The damage caused to the mucosa was similar in fish starved for 96 and 120 hours (Figures. 10, 11).  

The damage to the apical part of the rugae was severe characterised by extensive cell degeneration and the 
disappearance of microvilli (Figures. 10, 11).   Most of the goblet cells were round and seen away from the 
surface and close to the basal part of the rugae (Figure. 11).  

Discussion 

The general histology of the stomach of A. dispar and its similarities to that of  other teleosts was 
earlier discussed by Ba-Omar et al. (1998).  What is referred to as stomach in this work is the 
morphologically distinct enlarged, sac-like portion of the gut separated from intestine by a constriction. The 
ultrastructure of  the stomach as revealed by electron microscopy here, also confirms striking  similarities 
between  A. dispar and other freshwater teleosts (Gargiulo et al. 1997, 1998).  The stomachs of A. dispar  
with large number of well defined  goblet cells in the apical region of the mucosa seem typical of 
omnivorous and herbivorous feeders.  Osman and Caceci (1991) suggested that the gastric epithelial cells 
specialized for the secretion of  neutral mucin and the increase in surface area provided by the dense striated 
(= brush) border were adaptations for the surface absorption of nutrients in Oreochromis niloticus.  
Although A. dispar has similar morphology of the mucosa, its role in nutrient absorption needs to be verified 
by histochemical techniques.
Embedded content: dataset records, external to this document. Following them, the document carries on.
lemma sum_shift_lo_le:
  assumes dec: "decomposition m x M z d" and "0 < M"
    and not_rigid: "\<not> (card {r. 0 < d r} \<le> 3 \<and> (\<forall>r. 0 < d r \<longrightarrow> z r = 0 \<and> d r < M))"
  shows "(\<Sum>r<2*m+6. shift_lo M (z r) (d r)) \<le> real (m+1)"
proof -
  define P where "P = {r. 0 < d r}"
  define Q where "Q = {r. 0 < d r \<and> (d r = M \<or> 0 < z r)}"
  have bounds: "\<And>r. 0 \<le> z r" "\<And>r. d r \<le> M"
    using dec unfolding decomposition_def by blast+
  have "P \<subseteq> {..<2*m+6}" "Q \<subseteq> {..<2*m+6}"
    using decomposition_positive_part(1)[OF dec] by (auto simp: P_def Q_def)
  then have cards: "{..<2*m+6} \<inter> P = P" "{..<2*m+6} \<inter> Q = Q" by auto
  have "4 / 2 \<le> (real (card P) + real (card Q)) / 2"
    using decomposition_support_count[OF assms] by (simp add: P_def Q_def)
  also have "\<dots> = (\<Sum>r<2*m+6. (of_bool (r \<in> P) + of_bool (r \<in> Q)) / 2)"
    by (simp add: sum.distrib sum_divide_distrib[symmetric] cards)
  also have "\<dots> \<le> (\<Sum>r<2*m+6. 1/2 - shift_lo M (z r) (d r))"
    using bounds \<open>0 < M\<close>
    by (intro sum_mono) (auto simp: shift_lo_def P_def Q_def less_le)
  finally have "2 \<le> (\<Sum>r<2*m+6. 1/2 - shift_lo M (z r) (d r))" by simp
  moreover have "(\<Sum>r<2*m+6. 1/2 - shift_lo M (z r) (d r)) = real (m+3) - (\<Sum>r<2*m+6. shift_lo M (z r) (d r))"
    by (simp add: sum_subtractf)
  ultimately show ?thesis by linarith
qed

lemma ex_pos_le_finite:
  fixes Q :: "real set"
  assumes "finite Q"
  shows "\<exists>\<delta>>0. \<forall>q\<in>Q. 0 < q \<longrightarrow> \<delta> \<le> q"
proof (cases "{q\<in>Q. 0 < q} = {}")
  case True
  then show ?thesis by (intro exI[of _ 1]) auto
next
  case False
  have fin: "finite {q\<in>Q. 0 < q}" using assms by simp
  have "Min {q\<in>Q. 0 < q} \<in> {q\<in>Q. 0 < q}" using Min_in[OF fin False] .
  moreover have "\<forall>q\<in>Q. 0 < q \<longrightarrow> Min {q\<in>Q. 0 < q} \<le> q"
    using Min_le[OF fin] by simp
  ultimately show ?thesis by blast
qed
lemma Kbasis_subset_Lspace:
  assumes "m \<le> r" "r \<le> n"
  shows "Kbasis N n r ` (MI N r \<times> MI N (r - m)) \<subseteq> Lspace N n r m"
proof
  fix b
  assume "b \<in> Kbasis N n r ` (MI N r \<times> MI N (r - m))"
  then obtain J M where JM: "J \<in> MI N r" "M \<in> MI N (r - m)" "b = Kbasis N n r (J, M)"
    by blast
  have "b = op_comb N r (Kop N n r) (\<lambda>J'. if J' = J then xmon M else 0)"
    using JM by (simp add: Kbasis_eq_op_comb)
  also have "\<dots> \<in> Lspace N n r m"
    using JM(2) by (intro op_comb_Kop_in_Lspace[OF assms]) (simp add: mpoly.subspace_0[OF subspace_Pspace])
  finally show "b \<in> Lspace N n r m" .
qed

lemma Lspace_subset_span_Kbasis:
  assumes "0 < N" "m \<le> r" "r \<le> n"
  shows "Lspace N n r m \<subseteq> ops.span (Kbasis N n r ` (MI N r \<times> MI N (r - m)))"
proof
  let ?A = "MI N r \<times> MI N (r - m)"
  fix L
  assume "L \<in> Lspace N n r m"
  then obtain p where p: "\<forall>J. p J \<in> (if J \<in> MI N r then Pspace N (r - m) else {0})"
    "L = op_comb N r (Kop N n r) p"
    using Lspace_Kop_expansion[OF assms] by blast
  have "p J = (\<Sum>M\<in>MI N (r - m). cpoly (lookup (p J) M) * xmon M)" if "J \<in> MI N r" for J
    using p(1) that by (intro mpoly_expansion finite_MI) (auto simp: Pspace_eq split: if_splits dest: spec[of _ J])
  then have "L = (\<Sum>x\<in>?A. op_scale (lookup (p (fst x)) (snd x)) (Kbasis N n r x))"
    unfolding p(2) sum_scale_Kbasis by (simp add: op_comb_def)
  also have "\<dots> \<in> ops.span (Kbasis N n r ` ?A)"
  proof (rule ops.span_sum)
    fix x
    assume "x \<in> ?A"
    then have "Kbasis N n r x \<in> ops.span (Kbasis N n r ` ?A)"
      by (intro ops.span_base imageI)
    then show "op_scale (lookup (p (fst x)) (snd x)) (Kbasis N n r x) \<in> ops.span (Kbasis N n r ` ?A)"
      by (rule ops.span_scale)
  qed
  finally show "L \<in> ops.span (Kbasis N n r ` ?A)" .
qed
definition block_energy :: "(nat \<Rightarrow> real) \<Rightarrow> nat \<Rightarrow> real" where
  "block_energy x j =
     (if j < m then (x (2*j))\<^sup>2 + (x (Suc (2*j)))\<^sup>2 else if j = m \<and> t then (x (2*m))\<^sup>2 else 0)"

text \<open>Real part of the eigenvalues of block \<open>j\<close>; the value at \<open>m\<close> is also used when the trailing
  block is absent, where it is weighted by zero energy.\<close>
definition block_re :: "nat \<Rightarrow> real" where
  "block_re j = (if j < m then c j else 1)"

lemma block_energy_nonneg: "0 \<le> block_energy x j"
  by (simp add: block_energy_def)

lemma sum_block_energy:
  "(\<Sum>j\<le>m. f j * block_energy x j) =
     (\<Sum>j<m. f j * ((x (2*j))\<^sup>2 + (x (Suc (2*j)))\<^sup>2)) + (if t then f m * (x (2*m))\<^sup>2 else 0)"
proof -
  have "(\<Sum>j<m. f j * block_energy x j) = (\<Sum>j<m. f j * ((x (2*j))\<^sup>2 + (x (Suc (2*j)))\<^sup>2))"
    by (intro sum.cong) (auto simp: block_energy_def)
  then show ?thesis
    by (simp add: lessThan_Suc_atMost[symmetric] block_energy_def)
qed

lemma vinner_self_eq: "vinner n x x = (\<Sum>j\<le>m. block_energy x j)"
  using sum_block_energy[of "\<lambda>_. 1" x]
  by (simp add: vinner_def sum_lessThan_dimA power2_eq_square)
lemma Phi_integrand_has_integral_step:
  assumes "k + 2 \<le> n"
    and "Phi_integrand n k integrable_on {0..1}" "Phi_integrand n (k + 1) integrable_on {0..1}"
  shows "(Phi_integrand n (k + 2) has_integral
      2 * integral {0..1} (Phi_integrand n (k + 1)) - integral {0..1} (Phi_integrand n k)
      + (1 / real (n choose k) + 1 / real (n choose (k + 2))) / (real n + 1)) {0..1}"
proof -
  have "((\<lambda>t. 2 * Phi_integrand n (k + 1) t - Phi_integrand n k t
      + (t\<^sup>2 + (1 - t)\<^sup>2) * (t ^ k * (1 - t) ^ (n - k - 2))) has_integral
      2 * integral {0..1} (Phi_integrand n (k + 1)) - integral {0..1} (Phi_integrand n k)
      + (1 / real (n choose k) + 1 / real (n choose (k + 2))) / (real n + 1)) {0..1}"
    using assms
    by (intro has_integral_add has_integral_diff has_integral_mult_right
        has_integral_second_diff_weight integrable_integral)
  moreover have "Phi_integrand n (k + 2) t = 2 * Phi_integrand n (k + 1) t - Phi_integrand n k t
      + (t\<^sup>2 + (1 - t)\<^sup>2) * (t ^ k * (1 - t) ^ (n - k - 2))" if "t \<noteq> 1 / 2" for t
    using second_diff_Phi_integrand[OF assms(1) that] by (simp add: second_diff_def)
  ultimately show ?thesis
    by (elim has_integral_spike_finite[where S="{1 / 2}", rotated 2]) auto
qed
lemma qint_q2_times_odd_coeff:
  "qint (q\<^sup>2) (int m) * odd_coeff q m a = q powi ((1 - 2 * int m) * (int a + 1))
    * qgbinom (q\<^sup>2) (int m) (Suc a) * (q powi (2 * int m - 1) * qint (q\<^sup>2) (int a + 1))"
proof -
  have "q powi ((1 - 2 * int m) * int a) = q powi ((1 - 2 * int m) * (int a + 1)) * q powi (2 * int m - 1)"
    by (rule power_int_mult_eq [symmetric]) (simp add: algebra_simps)
  then show ?thesis
    using qint_q2_times_qgbinom_pred [of m a] by (simp add: odd_coeff_def mult_ac)
qed

lemma qint_q2_times_even_coeff:
  "qint (q\<^sup>2) (int m) * even_coeff q m a = q powi ((1 - 2 * int m) * (int a + 1))
    * qgbinom (q\<^sup>2) (int m) (Suc a) * (q powi (2 * int a + 2 * int m - 1) * qint (q\<^sup>2) (int a + 1))"
proof -
  have "q powi ((3 - 2 * int m) * int a) = q powi ((1 - 2 * int m) * (int a + 1)) * q powi (2 * int a + 2 * int m - 1)"
    by (rule power_int_mult_eq [symmetric]) (simp add: algebra_simps)
  then show ?thesis
    using qint_q2_times_qgbinom_pred [of m a] by (simp add: even_coeff_def mult_ac)
qed
(* Let $d\in\{2,3\}$, $k\ge 2$, and let $\mathcal P=\{p_1,\dots,p_k\}$ be distinct points in $\mathbb R^d$. For $x\notin\mathcal P$ let $u_i(x)=\frac{p_i-x}{\|p_i-x\|}$, and for $x\notin\mathcal P$ with $\sum_{i=1}^k u_i(x)\neq0$ let $v(x)=\frac{\sum_{i=1}^k u_i(x)}{\|\sum_{i=1}^k u_i(x)\|}$. Let $S(x)=\sum_{1\le i<j\le k}u_i(x)^\top u_j(x)$ be the sum of the cosines of the pairwise angles between the bearings. Then at every such $x$, the directional derivative of $S$ in the direction $v(x)$ satisfies $\nabla S(x)^\top v(x)\le 0$, with strict inequality unless $x$ and all points of $\mathcal P$ lie on a common line. In other words, moving in the direction $v$ decreases the sum of the cosines of the pairwise angles between the bearings $u_i$.
   Context: $u_i(x)$ is the bearing (unit direction) from the position $x$ to the landmark $p_i$. The points with $\sum_i u_i(x)=0$ (outside $\mathcal P$) are geometric medians of $\mathcal P$. *)

theory Defs
  imports "HOL-Analysis.Analysis"
begin

definition bearing :: "(nat \<Rightarrow> 'a::euclidean_space) \<Rightarrow> nat \<Rightarrow> 'a \<Rightarrow> 'a" where
  "bearing p i x = (p i - x) /\<^sub>R norm (p i - x)"

definition bearing_sum :: "nat \<Rightarrow> (nat \<Rightarrow> 'a::euclidean_space) \<Rightarrow> 'a \<Rightarrow> 'a" where
  "bearing_sum k p x = (\<Sum>i<k. bearing p i x)"

definition vdir :: "nat \<Rightarrow> (nat \<Rightarrow> 'a::euclidean_space) \<Rightarrow> 'a \<Rightarrow> 'a" where
  "vdir k p x = bearing_sum k p x /\<^sub>R norm (bearing_sum k p x)"

definition cos_sum :: "nat \<Rightarrow> (nat \<Rightarrow> 'a::euclidean_space) \<Rightarrow> 'a \<Rightarrow> real" where
  "cos_sum k p x = (\<Sum>j<k. \<Sum>i<j. bearing p i x \<bullet> bearing p j x)"

end

theory Submission
  imports Defs
begin

(* Off the landmarks the bearings u_i are unit vectors, so S = (|U|^2 - k)/2 with U = sum_i u_i.
   The derivative of u_i is h |-> -(h - (u_i . h) u_i)/r_i with r_i = |p_i - x|, hence the
   derivative of S in the direction v = U/|U| is -(1/|U|) sum_i |U - (u_i . U) u_i|^2 / r_i <= 0.
   It vanishes only if U is parallel to every u_i, i.e. if all p_i lie on the line through x
   in direction U. *)

definition reject :: "'a::real_inner \<Rightarrow> 'a \<Rightarrow> 'a" where
  "reject u h = h - (u \<bullet> h) *\<^sub>R u"

lemma reject_scaleR: "reject u (c *\<^sub>R h) = c *\<^sub>R reject u h"
  by (simp add: reject_def algebra_simps)

lemma reject_minus: "reject u (- h) = - reject u h"
  by (simp add: reject_def)

lemma inner_reject_self:
  assumes "norm u = 1"
  shows "w \<bullet> reject u w = (norm (reject u w))\<^sup>2"
proof -
  have "u \<bullet> reject u w = 0"
    using assms by (simp add: reject_def inner_diff_right norm_eq_1)
  moreover have "w = reject u w + (u \<bullet> w) *\<^sub>R u"
    by (simp add: reject_def)
  ultimately have "w \<bullet> reject u w = reject u w \<bullet> reject u w"
    by (metis inner_add_left inner_commute inner_scaleR_left mult_zero_right add_0_right)
  then show ?thesis
    by (simp add: power2_norm_eq_inner)
qed

lemma has_derivative_sgn:
  fixes y :: "'a::real_inner"
  assumes "y \<noteq> 0"
  shows "(sgn has_derivative (\<lambda>h. reject (sgn y) h /\<^sub>R norm y)) (at y)"
proof -
  have sgn_eq: "sgn = (\<lambda>z. inverse (norm z) *\<^sub>R z)"
    by (simp add: fun_eq_iff sgn_div_norm divide_inverse_commute)
  have "((\<lambda>z. inverse (norm z) *\<^sub>R z) has_derivative
      (\<lambda>h. inverse (norm y) *\<^sub>R h - (inverse (norm y) * (h \<bullet> sgn y) * inverse (norm y)) *\<^sub>R y)) (at y)"
    using has_derivative_scaleR[OF Deriv.has_derivative_inverse[OF _ has_derivative_norm[OF assms]]
        has_derivative_ident] assms by simp
  then show ?thesis
    unfolding sgn_eq
    by (rule has_derivative_eq_rhs)
      (use assms in \<open>auto simp: fun_eq_iff reject_def inner_commute algebra_simps power2_eq_square\<close>)
qed

lemma bearing_eq_sgn: "bearing p i x = sgn (p i - x)"
  by (simp add: bearing_def sgn_div_norm)

lemma norm_bearing: "x \<noteq> p i \<Longrightarrow> norm (bearing p i x) = 1"
  by (simp add: bearing_def)

lemma bearing_has_derivative:
  assumes "x \<noteq> p i"
  shows "(bearing p i has_derivative (\<lambda>h. - reject (bearing p i x) h /\<^sub>R norm (p i - x))) (at x)"
proof -
  have "((\<lambda>y. p i - y) has_derivative uminus) (at x)"
    by (auto intro!: derivative_eq_intros)
  from has_derivative_compose[OF this has_derivative_sgn]
  show ?thesis
    using assms by (simp add: o_def bearing_eq_sgn [abs_def] bearing_eq_sgn reject_minus)
qed

lemma sum_pairs_inner:
  fixes f :: "nat \<Rightarrow> 'a::real_inner"
  shows "(\<Sum>j<k. \<Sum>i<j. f i \<bullet> f j) = ((\<Sum>i<k. f i) \<bullet> (\<Sum>i<k. f i) - (\<Sum>i<k. f i \<bullet> f i)) / 2"
proof (induction k)
  case 0
  then show ?case by simp
next
  case (Suc k)
  have "(\<Sum>i<k. f i \<bullet> f k) = (\<Sum>i<k. f i) \<bullet> f k"
    by (simp add: inner_sum_left)
  with Suc show ?case
    by (simp add: inner_add inner_commute field_simps)
qed

lemma cos_sum_eq:
  assumes "x \<notin> p ` {..<k}"
  shows "cos_sum k p x = (bearing_sum k p x \<bullet> bearing_sum k p x - k) / 2"
proof -
  have "bearing p i x \<bullet> bearing p i x = 1" if "i < k" for i
    using norm_bearing[of x p i] assms that by (auto simp: norm_eq_1)
  then show ?thesis
    by (simp add: cos_sum_def bearing_sum_def sum_pairs_inner)
qed

lemma bearing_sum_has_derivative:
  assumes "x \<notin> p ` {..<k}"
  shows "(bearing_sum k p has_derivative
     (\<lambda>h. - (\<Sum>i<k. reject (bearing p i x) h /\<^sub>R norm (p i - x)))) (at x)"
proof -
  have "((\<lambda>y. \<Sum>i<k. bearing p i y) has_derivative
      (\<lambda>h. \<Sum>i<k. - reject (bearing p i x) h /\<^sub>R norm (p i - x))) (at x)"
    using assms by (intro has_derivative_sum bearing_has_derivative) auto
  then show ?thesis
    by (simp add: bearing_sum_def [abs_def] sum_negf)
qed

lemma cos_sum_has_derivative:
  assumes "x \<notin> p ` {..<k}"
  shows "(cos_sum k p has_derivative
     (\<lambda>h. - (\<Sum>i<k. bearing_sum k p x \<bullet> reject (bearing p i x) h / norm (p i - x)))) (at x)"
proof (rule has_derivative_transform_within_open)
  let ?U = "bearing_sum k p x"
  let ?D = "\<lambda>h. - (\<Sum>i<k. reject (bearing p i x) h /\<^sub>R norm (p i - x))"
  have "((\<lambda>y. bearing_sum k p y \<bullet> bearing_sum k p y) has_derivative (\<lambda>h. 2 * (?U \<bullet> ?D h))) (at x)"
    using has_derivative_inner[OF bearing_sum_has_derivative[OF assms] bearing_sum_has_derivative[OF assms]]
    by (simp add: inner_commute[of _ ?U])
  from has_derivative_divide'[OF has_derivative_diff[OF this has_derivative_const[of "real k"]]
      has_derivative_const[of 2], simplified]
  have "((\<lambda>y. (bearing_sum k p y \<bullet> bearing_sum k p y - k) / 2) has_derivative (\<lambda>h. ?U \<bullet> ?D h)) (at x)"
    by simp
  then show "((\<lambda>y. (bearing_sum k p y \<bullet> bearing_sum k p y - k) / 2) has_derivative
      (\<lambda>h. - (\<Sum>i<k. ?U \<bullet> reject (bearing p i x) h / norm (p i - x)))) (at x)"
    by (rule has_derivative_eq_rhs) (simp add: fun_eq_iff inner_sum_right divide_inverse_commute)
  show "open (- p ` {..<k})"
    by (simp add: open_Compl finite_imp_closed)
  show "x \<in> - p ` {..<k}"
    using assms by simp
  show "(bearing_sum k p y \<bullet> bearing_sum k p y - k) / 2 = cos_sum k p y" if "y \<in> - p ` {..<k}" for y
    using that cos_sum_eq[of y p k] by simp
qed

lemma cos_sum_derivative_vdir:
  assumes "x \<notin> p ` {..<k}"
  shows "frechet_derivative (cos_sum k p) (at x) (vdir k p x) =
    - (\<Sum>i<k. (norm (reject (bearing p i x) (bearing_sum k p x)))\<^sup>2 / norm (p i - x))
      / norm (bearing_sum k p x)"
proof -
  let ?U = "bearing_sum k p x"
  have term_eq: "?U \<bullet> reject (bearing p i x) (vdir k p x) / norm (p i - x) =
      (norm (reject (bearing p i x) ?U))\<^sup>2 / norm (p i - x) / norm ?U" if "i < k" for i
  proof -
    have "norm (bearing p i x) = 1"
      using assms that by (auto intro: norm_bearing)
    then show ?thesis
      by (simp add: vdir_def reject_scaleR inner_reject_self field_simps)
  qed
  have "frechet_derivative (cos_sum k p) (at x) (vdir k p x) =
      - (\<Sum>i<k. ?U \<bullet> reject (bearing p i x) (vdir k p x) / norm (p i - x))"
    by (simp add: frechet_derivative_at[OF cos_sum_has_derivative[OF assms], symmetric])
  also have "\<dots> = - (\<Sum>i<k. (norm (reject (bearing p i x) ?U))\<^sup>2 / norm (p i - x) / norm ?U)"
    using term_eq by simp
  finally show ?thesis
    by (simp add: sum_divide_distrib)
qed

lemma collinear_if_bearings_parallel:
  assumes "x \<notin> p ` {..<k}" and "w \<noteq> 0"
    and parallel: "\<And>i. i < k \<Longrightarrow> reject (bearing p i x) w = 0"
  shows "collinear (insert x (p ` {..<k}))"
proof -
  have "\<exists>c. p i = x + c *\<^sub>R w" if "i < k" for i
  proof -
    let ?u = "bearing p i x" and ?r = "norm (p i - x)"
    have w_eq: "w = (?u \<bullet> w) *\<^sub>R ?u"
      using parallel[OF that] by (simp add: reject_def)
    have c_nz: "?u \<bullet> w \<noteq> 0"
    proof
      assume "?u \<bullet> w = 0"
      with w_eq have "w = 0"
        by simp
      with assms(2) show False ..
    qed
    have "p i - x = ?r *\<^sub>R ?u"
    proof -
      have "p i \<noteq> x"
        using assms(1) that by auto
      then show ?thesis
        by (simp add: bearing_def)
    qed
    also have "\<dots> = (?r / (?u \<bullet> w)) *\<^sub>R ((?u \<bullet> w) *\<^sub>R ?u)"
      using c_nz by simp
    also have "\<dots> = (?r / (?u \<bullet> w)) *\<^sub>R w"
      by (simp only: w_eq [symmetric])
    finally have "p i = x + (?r / (?u \<bullet> w)) *\<^sub>R w"
      by (simp add: algebra_simps)
    then show ?thesis ..
  qed
  then have "\<forall>z \<in> insert x (p ` {..<k}). \<exists>c. z = x + c *\<^sub>R w"
    by (metis imageE insertE lessThan_iff add_0_right scale_zero_left)
  then show ?thesis
    unfolding collinear_alt by blast
qed

theorem theorem1:
  fixes p :: "nat \<Rightarrow> 'a::euclidean_space" and k :: nat and x :: 'a
  assumes "DIM('a) = 2 \<or> DIM('a) = 3"
    and "k \<ge> 2"
    and "inj_on p {..<k}"
    and "x \<notin> p ` {..<k}"
    and "bearing_sum k p x \<noteq> 0"
  shows "cos_sum k p differentiable (at x)
    \<and> frechet_derivative (cos_sum k p) (at x) (vdir k p x) \<le> 0
    \<and> (\<not> collinear (insert x (p ` {..<k}))
         \<longrightarrow> frechet_derivative (cos_sum k p) (at x) (vdir k p x) < 0)"
proof -
  let ?U = "bearing_sum k p x"
  define e where "e i = (norm (reject (bearing p i x) ?U))\<^sup>2 / norm (p i - x)" for i
  have deriv_eq: "frechet_derivative (cos_sum k p) (at x) (vdir k p x) = - sum e {..<k} / norm ?U"
    unfolding e_def using cos_sum_derivative_vdir[OF assms(4)] .
  have e_nonneg: "e i \<ge> 0" for i
    by (simp add: e_def)
  have "sum e {..<k} > 0" if not_collinear: "\<not> collinear (insert x (p ` {..<k}))"
  proof -
    obtain i where "i < k" "reject (bearing p i x) ?U \<noteq> 0"
      using collinear_if_bearings_parallel[OF assms(4,5)] not_collinear by blast
    moreover have "p i \<noteq> x"
      using assms(4) \<open>i < k\<close> by auto
    ultimately have "e i > 0"
      by (simp add: e_def)
    with \<open>i < k\<close> show ?thesis
      using e_nonneg by (intro sum_pos2) auto
  qed
  moreover have "sum e {..<k} \<ge> 0"
    using e_nonneg by (simp add: sum_nonneg)
  ultimately show ?thesis
    using cos_sum_has_derivative[OF assms(4)] assms(5)
    by (auto simp: deriv_eq differentiable_def divide_neg_pos)
qed

end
The large number of lipid droplets seen in well fed A. dispar, are probably 
absorbed from the commercial food with at least 5% lipid content.  The turnover time for lipid in the 
intestinal epithelium is only a few hours. Therefore, it is not surprising that the epithelia of fish starved for 
24 hours were devoid of lipid droplets. 

The ability to cope with stress is an important parameter determining the survival of fish.  Stress is 
known to induce physiological and pathomorphological changes (Boddingius, 1976; 1993; Pottinger and 
Pickering, 1992, Pottinger et al. 1994, Szakolczai, 1997).  In the European eel, stress caused the atrophy of 
the glandular tissue layer of the stomach (Peters, 1982).  Stress during harvest and transport of common carp 
resulted in the reduction of the number of goblet cells and the detachment of columnar epithelial cells from 
the basement membrane (Szakolczai, 1997).   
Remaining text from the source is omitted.